• _Exercise aim_
Every line in the following data that has "unfolding" counts toward the total; state that total alone.

[Stored data]
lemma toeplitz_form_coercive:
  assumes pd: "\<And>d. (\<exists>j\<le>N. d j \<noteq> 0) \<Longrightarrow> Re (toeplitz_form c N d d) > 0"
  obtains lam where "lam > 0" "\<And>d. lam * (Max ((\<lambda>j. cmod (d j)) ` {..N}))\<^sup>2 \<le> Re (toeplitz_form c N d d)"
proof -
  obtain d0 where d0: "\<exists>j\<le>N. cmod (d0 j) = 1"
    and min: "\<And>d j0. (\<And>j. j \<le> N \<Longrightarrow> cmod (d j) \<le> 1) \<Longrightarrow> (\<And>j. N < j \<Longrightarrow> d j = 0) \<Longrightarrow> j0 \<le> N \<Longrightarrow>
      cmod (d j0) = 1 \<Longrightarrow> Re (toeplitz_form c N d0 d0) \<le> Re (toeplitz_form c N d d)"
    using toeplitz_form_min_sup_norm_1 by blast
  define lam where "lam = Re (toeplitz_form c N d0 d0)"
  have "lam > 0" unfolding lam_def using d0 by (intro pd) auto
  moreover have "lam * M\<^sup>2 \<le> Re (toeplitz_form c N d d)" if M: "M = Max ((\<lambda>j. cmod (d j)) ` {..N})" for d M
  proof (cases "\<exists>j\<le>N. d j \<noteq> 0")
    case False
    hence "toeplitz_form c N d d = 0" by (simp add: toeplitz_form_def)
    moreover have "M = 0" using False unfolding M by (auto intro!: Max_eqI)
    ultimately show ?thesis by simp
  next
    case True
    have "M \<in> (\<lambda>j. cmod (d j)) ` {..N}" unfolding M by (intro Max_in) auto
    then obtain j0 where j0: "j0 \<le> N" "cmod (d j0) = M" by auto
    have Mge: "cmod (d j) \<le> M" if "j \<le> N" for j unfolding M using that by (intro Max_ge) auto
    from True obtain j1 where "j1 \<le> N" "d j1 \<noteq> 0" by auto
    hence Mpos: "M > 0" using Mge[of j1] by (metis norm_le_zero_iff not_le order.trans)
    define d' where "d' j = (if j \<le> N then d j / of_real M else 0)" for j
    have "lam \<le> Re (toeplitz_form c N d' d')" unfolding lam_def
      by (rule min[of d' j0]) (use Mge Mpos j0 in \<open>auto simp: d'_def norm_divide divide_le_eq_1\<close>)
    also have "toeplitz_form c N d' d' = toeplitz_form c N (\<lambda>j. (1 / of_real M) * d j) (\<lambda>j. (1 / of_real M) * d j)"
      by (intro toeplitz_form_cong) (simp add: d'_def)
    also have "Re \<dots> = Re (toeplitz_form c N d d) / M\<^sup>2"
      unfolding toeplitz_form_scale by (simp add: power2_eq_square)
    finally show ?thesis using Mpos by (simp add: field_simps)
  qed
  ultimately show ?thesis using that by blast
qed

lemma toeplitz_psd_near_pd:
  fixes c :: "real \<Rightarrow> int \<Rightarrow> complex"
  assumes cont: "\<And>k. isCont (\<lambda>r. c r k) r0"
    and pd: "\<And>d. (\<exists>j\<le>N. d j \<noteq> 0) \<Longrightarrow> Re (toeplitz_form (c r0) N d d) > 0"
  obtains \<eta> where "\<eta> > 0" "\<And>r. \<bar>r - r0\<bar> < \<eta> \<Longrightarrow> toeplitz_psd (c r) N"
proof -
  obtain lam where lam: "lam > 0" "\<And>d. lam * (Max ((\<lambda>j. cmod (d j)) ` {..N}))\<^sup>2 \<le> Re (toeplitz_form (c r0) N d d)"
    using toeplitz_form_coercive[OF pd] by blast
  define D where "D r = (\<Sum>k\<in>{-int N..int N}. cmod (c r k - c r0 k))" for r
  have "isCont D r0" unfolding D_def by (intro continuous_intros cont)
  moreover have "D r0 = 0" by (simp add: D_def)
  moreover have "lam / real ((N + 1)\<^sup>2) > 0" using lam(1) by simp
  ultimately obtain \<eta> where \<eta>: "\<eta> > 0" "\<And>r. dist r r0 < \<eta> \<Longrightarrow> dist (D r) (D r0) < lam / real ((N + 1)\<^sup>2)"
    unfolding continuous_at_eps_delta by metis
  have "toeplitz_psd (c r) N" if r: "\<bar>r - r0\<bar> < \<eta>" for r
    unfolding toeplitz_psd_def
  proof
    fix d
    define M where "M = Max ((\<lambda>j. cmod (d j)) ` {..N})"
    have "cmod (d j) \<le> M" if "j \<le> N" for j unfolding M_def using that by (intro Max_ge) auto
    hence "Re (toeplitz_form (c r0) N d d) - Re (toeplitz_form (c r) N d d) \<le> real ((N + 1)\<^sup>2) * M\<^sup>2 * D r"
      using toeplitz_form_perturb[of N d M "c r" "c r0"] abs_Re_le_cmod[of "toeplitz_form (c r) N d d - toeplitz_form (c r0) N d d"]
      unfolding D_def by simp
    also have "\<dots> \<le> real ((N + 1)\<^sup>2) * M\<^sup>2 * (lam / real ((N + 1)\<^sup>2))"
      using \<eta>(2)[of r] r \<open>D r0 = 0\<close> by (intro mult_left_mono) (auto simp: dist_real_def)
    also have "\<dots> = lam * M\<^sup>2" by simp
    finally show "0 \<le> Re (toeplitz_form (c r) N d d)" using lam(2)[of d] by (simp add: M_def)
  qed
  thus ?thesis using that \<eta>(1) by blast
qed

• _Result for this task_
11